В тексте применяются характеристики, в которых отмечены регистровые «перепады» и точное нотное выражение («движение цветка сопровождает тоненькое си, движение листа — очень низкое ля»), «высокие и низкие тональности», характер («Музыка приобретает определенность. <...> Музыка крикливая, бурная, <...> отдельные звуки, наконец, поглощаются громогласной бравурностью» [2]). Отмечается и параллелизм цвета, света и музыки: «С усилением света музыка уходит вглубь. <...> Затем вновь слышатся в оркестре отдельные краски» [2]. Чуткое вчувствование в музыкальный процесс ощущается в описании звукового пласта.
Музыка не была чужда знаменитому художнику, известно, что он играл на фортепиано и виолончели, его кумирами были Р. Вагнер5, А. Шенберг, М. П. Мусоргский. Их видение нового в искусстве резонировало с представлениями художника. Будучи не знаком с А. Н. Скрябиным, он сблизился с биографом композитора Л. Л. Сабанеевым, с помощью которого ближе узнал о творчестве создателя «Прометея».
Он был знаком с Фомой Гартманом — композитором, пианистом дирижером, музыкальным критиком, пропагандистом идей С. И. Танеева, благодаря которому В. В. Кандинский познакомился с Б. Л. Яворским и его теорией «ладового ритма». Именно Ф. Гартман первоначально написал музыку к сценической композиции «Жёлтый звук». «Кандинский ценил своего друга как хорошего композитора. Он подробно излагал в письмах Гартману свои соображения по поводу музыки к "Жёлтому звуку": при личных встречах (уже в начале 1909 года) они вместе набрасывали музыкальные эскизы. Собственно Гартман сделал только черновой музыкальный набросок к композиции» [4, с. 96]. К сожалению, они были утеряны во время Первой мировой войны6.

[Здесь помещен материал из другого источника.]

(* Let $a(x),b(x)\in\mathbb{F}_2[x]/\langle x^n-1\rangle$ both have weight at least two. Then the girth $g(G)$ of the Tanner graph associated with the generalized bicycle code defined by $a(x)$ and $b(x)$ satisfies $g(G)\le 8$.
   Context: Weight is the number of nonzero coefficients. The Tanner graph of the GB code defined by $a(x)=\sum a_tx^t$, $b(x)=\sum b_tx^t$ is the bipartite graph with $n$ check nodes $x_0,\dots,x_{n-1}$ (X-checks) and $2n$ qubit nodes $q_0,\dots,q_{n-1},q'_0,\dots,q'_{n-1}$, where $x_t$ is adjacent to $q_c$ iff $a_{t-c}=1$ and to $q'_c$ iff $b_{t-c}=1$ (indices mod $n$). The girth is the length of a shortest cycle. *)

theory Defs
  imports Main "HOL-Library.Extended_Nat"
begin

text \<open>An element of F2[x]/(x^n - 1) is represented by its coefficient vector
  a :: nat => bool, where a t (for t < n) is the coefficient of x^t
  (True = 1, False = 0); values at t >= n are irrelevant.\<close>

definition weight :: "nat \<Rightarrow> (nat \<Rightarrow> bool) \<Rightarrow> nat" where
  "weight n a = card {t. t < n \<and> a t}"

datatype node = Chk nat | Qb nat | Qb' nat

definition tanner_nodes :: "nat \<Rightarrow> node set" where
  "tanner_nodes n = Chk ` {..<n} \<union> Qb ` {..<n} \<union> Qb' ` {..<n}"

fun tanner_adj0 :: "nat \<Rightarrow> (nat \<Rightarrow> bool) \<Rightarrow> (nat \<Rightarrow> bool) \<Rightarrow> node \<Rightarrow> node \<Rightarrow> bool" where
  "tanner_adj0 n a b (Chk t) (Qb c) = a ((t + n - c) mod n)"
| "tanner_adj0 n a b (Chk t) (Qb' c) = b ((t + n - c) mod n)"
| "tanner_adj0 n a b _ _ = False"

definition tanner_adj :: "nat \<Rightarrow> (nat \<Rightarrow> bool) \<Rightarrow> (nat \<Rightarrow> bool) \<Rightarrow> node \<Rightarrow> node \<Rightarrow> bool" where
  "tanner_adj n a b u v \<longleftrightarrow> u \<in> tanner_nodes n \<and> v \<in> tanner_nodes n \<and>
     (tanner_adj0 n a b u v \<or> tanner_adj0 n a b v u)"

definition tanner_cycle :: "nat \<Rightarrow> (nat \<Rightarrow> bool) \<Rightarrow> (nat \<Rightarrow> bool) \<Rightarrow> node list \<Rightarrow> bool" where
  "tanner_cycle n a b vs \<longleftrightarrow> length vs \<ge> 3 \<and> distinct vs \<and>
     (\<forall>i < length vs. tanner_adj n a b (vs ! i) (vs ! ((i + 1) mod length vs)))"

text \<open>Girth: length of a shortest cycle (infinity if there is none).\<close>
definition tanner_girth :: "nat \<Rightarrow> (nat \<Rightarrow> bool) \<Rightarrow> (nat \<Rightarrow> bool) \<Rightarrow> enat" where
  "tanner_girth n a b = (INF vs \<in> {vs. tanner_cycle n a b vs}. enat (length vs))"

end

theory Submission
  imports Defs
begin

text \<open>Suppose a_i = a_{i+d} = 1 and
  b_k = b_{k+e} = 1 with d, e nonzero mod n. The checks x_0, x_d, x_{d+e}, x_e, joined
  alternately through q-qubits (steps d) and q'-qubits (steps e), form a closed walk of
  length 8, which is a cycle unless d = e or d = -e. If d = e, the checks x_0 and x_d share
  the qubits q_{-i} and q'_{-k}, giving a 4-cycle; d = -e reduces to this by replacing k
  with k + e.\<close>

definition residue :: "nat \<Rightarrow> int \<Rightarrow> nat" where
  "residue n x = nat (x mod int n)"

lemma residue_less: "0 < n \<Longrightarrow> residue n x < n"
  unfolding residue_def by (simp add: nat_less_iff)

lemma residue_of_nat: "i < n \<Longrightarrow> residue n (int i) = i"
  unfolding residue_def by simp

lemma residue_eq_iff: "0 < n \<Longrightarrow> residue n x = residue n y \<longleftrightarrow> int n dvd x - y"
  unfolding residue_def by (simp add: eq_nat_nat_iff mod_eq_dvd_iff)

lemma dvd_diff_of_nat_less_iff: "i < n \<Longrightarrow> j < n \<Longrightarrow> int n dvd int i - int j \<longleftrightarrow> i = j"
  using residue_eq_iff[of n "int i" "int j"] by (simp add: residue_of_nat)

lemma residue_diff: "0 < n \<Longrightarrow> (residue n s + n - residue n r) mod n = residue n (s - r)"
proof -
  assume n: "0 < n"
  have "int ((residue n s + n - residue n r) mod n)
      = (int (residue n s) + int n - int (residue n r)) mod int n"
    using residue_less[OF n, of r] by (simp add: zmod_int of_nat_diff)
  also have "\<dots> = (s mod n + n - r mod n) mod n"
    using n by (simp add: residue_def)
  also have "\<dots> = (s - r) mod n"
    by (metis add.commute add_diff_eq mod_add_self2 mod_diff_eq)
  finally show ?thesis
    using n by (simp add: residue_def)
qed

lemma tanner_adj_commute: "tanner_adj n a b u v \<longleftrightarrow> tanner_adj n a b v u"
  unfolding tanner_adj_def by blast

lemma tanner_adj_residue:
  assumes "0 < n"
  shows "tanner_adj n a b (Chk (residue n s)) (Qb (residue n r)) \<longleftrightarrow> a (residue n (s - r))"
    and "tanner_adj n a b (Chk (residue n s)) (Qb' (residue n r)) \<longleftrightarrow> b (residue n (s - r))"
  using residue_less[OF assms] residue_diff[OF assms]
  by (auto simp: tanner_adj_def tanner_nodes_def)

lemma tanner_cycle_iff:
  "tanner_cycle n a b vs \<longleftrightarrow>
     3 \<le> length vs \<and> distinct vs \<and> list_all2 (tanner_adj n a b) vs (rotate1 vs)"
  by (auto simp: tanner_cycle_def list_all2_conv_all_nth nth_rotate1)

lemma tanner_girth_le_cycle: "tanner_cycle n a b vs \<Longrightarrow> tanner_girth n a b \<le> length vs"
  unfolding tanner_girth_def by (rule INF_lower) simp

lemma tanner_four_cycle:
  fixes i k d :: int
  assumes n: "0 < n"
    and "a (residue n i)" "a (residue n (i + d))" "b (residue n k)" "b (residue n (k + d))"
    and "\<not> int n dvd d"
  shows "tanner_cycle n a b
    [Chk (residue n 0), Qb (residue n (- i)), Chk (residue n d), Qb' (residue n (- k))]"
  using assms
  by (simp add: tanner_cycle_iff tanner_adj_residue[OF n] residue_eq_iff[OF n] ac_simps
      tanner_adj_commute[of _ _ _ "Qb _"] tanner_adj_commute[of _ _ _ "Qb' _"])

lemma tanner_eight_cycle:
  fixes i k d e :: int
  assumes n: "0 < n"
    and "a (residue n i)" "a (residue n (i + d))" "b (residue n k)" "b (residue n (k + e))"
    and "\<not> int n dvd d" "\<not> int n dvd e" "\<not> int n dvd d - e" "\<not> int n dvd d + e"
  shows "tanner_cycle n a b
    [Chk (residue n 0), Qb (residue n (- i)), Chk (residue n d), Qb' (residue n (d - k)),
     Chk (residue n (d + e)), Qb (residue n (e - i)), Chk (residue n e), Qb' (residue n (- k))]"
  using assms
  by (simp add: tanner_cycle_iff tanner_adj_residue[OF n] residue_eq_iff[OF n] ac_simps
      tanner_adj_commute[of _ _ _ "Qb _"] tanner_adj_commute[of _ _ _ "Qb' _"])

lemma two_le_weight_obtain:
  assumes "2 \<le> weight n a"
  obtains i j where "i < n" "j < n" "i \<noteq> j" "a i" "a j"
proof -
  have "\<not> card {t. t < n \<and> a t} \<le> 1"
    using assms unfolding weight_def by simp
  then show ?thesis
    using that card_le_Suc0_iff_eq[of "{t. t < n \<and> a t}"] by auto
qed

lemma tanner_girth_le_eight:
  fixes i k d e :: int
  assumes n: "0 < n"
    and a: "a (residue n i)" "a (residue n (i + d))"
    and b: "b (residue n k)" "b (residue n (k + e))"
    and d: "\<not> int n dvd d" and e: "\<not> int n dvd e"
  shows "tanner_girth n a b \<le> 8"
proof -
  note girth_le = order_trans[OF tanner_girth_le_cycle]
  consider "int n dvd d - e" | "int n dvd d + e" | "\<not> int n dvd d - e" "\<not> int n dvd d + e"
    by blast
  then show ?thesis
  proof cases
    case 1
    then have "residue n (k + d) = residue n (k + e)"
      by (simp add: residue_eq_iff[OF n])
    with b(2) have "b (residue n (k + d))"
      by simp
    from girth_le[OF tanner_four_cycle[OF n a b(1) this d]] show ?thesis
      by (simp add: numeral_eq_enat)
  next
    case 2
    then have "residue n (k + e + d) = residue n k"
      by (simp add: residue_eq_iff[OF n] algebra_simps)
    with b(1) have "b (residue n (k + e + d))"
      by simp
    from girth_le[OF tanner_four_cycle[OF n a b(2) this d]] show ?thesis
      by (simp add: numeral_eq_enat)
  next
    case 3
    from girth_le[OF tanner_eight_cycle[OF n a b d e 3]] show ?thesis
      by (simp add: numeral_eq_enat)
  qed
qed

theorem corollary1:
  fixes n :: nat and a b :: "nat \<Rightarrow> bool"
  assumes "n \<ge> 1"
    and "weight n a \<ge> 2" and "weight n b \<ge> 2"
  shows "tanner_girth n a b \<le> 8"
proof -
  have n: "0 < n" using assms(1) by simp
  obtain i j where ij: "i < n" "j < n" "i \<noteq> j" "a i" "a j"
    using two_le_weight_obtain[OF assms(2)] .
  obtain k l where kl: "k < n" "l < n" "k \<noteq> l" "b k" "b l"
    using two_le_weight_obtain[OF assms(3)] .
  show ?thesis
    by (rule tanner_girth_le_eight[OF n, of a "int i" "int j - int i" b "int k" "int l - int k"])
      (use ij kl in \<open>simp_all add: residue_of_nat dvd_diff_of_nat_less_iff\<close>)
qed

end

А. Г. Шнитке обратился к сценической композиции натекст В. В. Кандинского для пантомимы, инструментального ансамбля, сопрано соло и смешанного хора «Жёлтый звук» в 1973 г. (год создания — 19731974; вторая редакция — 1983). Импульсом послужило предложение Г. Н. Рождественского «написать произведение для готовящегося им концерта "Музыка и живопись", <...> выбрать в качестве темы что-нибудь из живописных произведений. <. ..> Однако намеченного исполнения в концерте Рождественского по каким-то причинам не произошло. Премьера состоялась в 1975 г. во Франции <...> в местечке Сен-Бом» [8, с. 88]. В Москве первое представление сценической композиции состоялось в 1984 г. в Концертном зале имени П. И. Чайковского. «Пантомима была поставлена Московским ансамблем пластической драмы (художественный руководитель — Г. К. Мацкявичюс), партию сопрано исполнила прекрасная певица Нелли Ли» [8, с. 89]. Обращение к этому сюжету стало для композитора своеобразным
вызовом. Во всех монографиях, посвященных творчеству композитора, «Желтый звук» назван одним из самых сонористических сочинений А. Г. Шнитке.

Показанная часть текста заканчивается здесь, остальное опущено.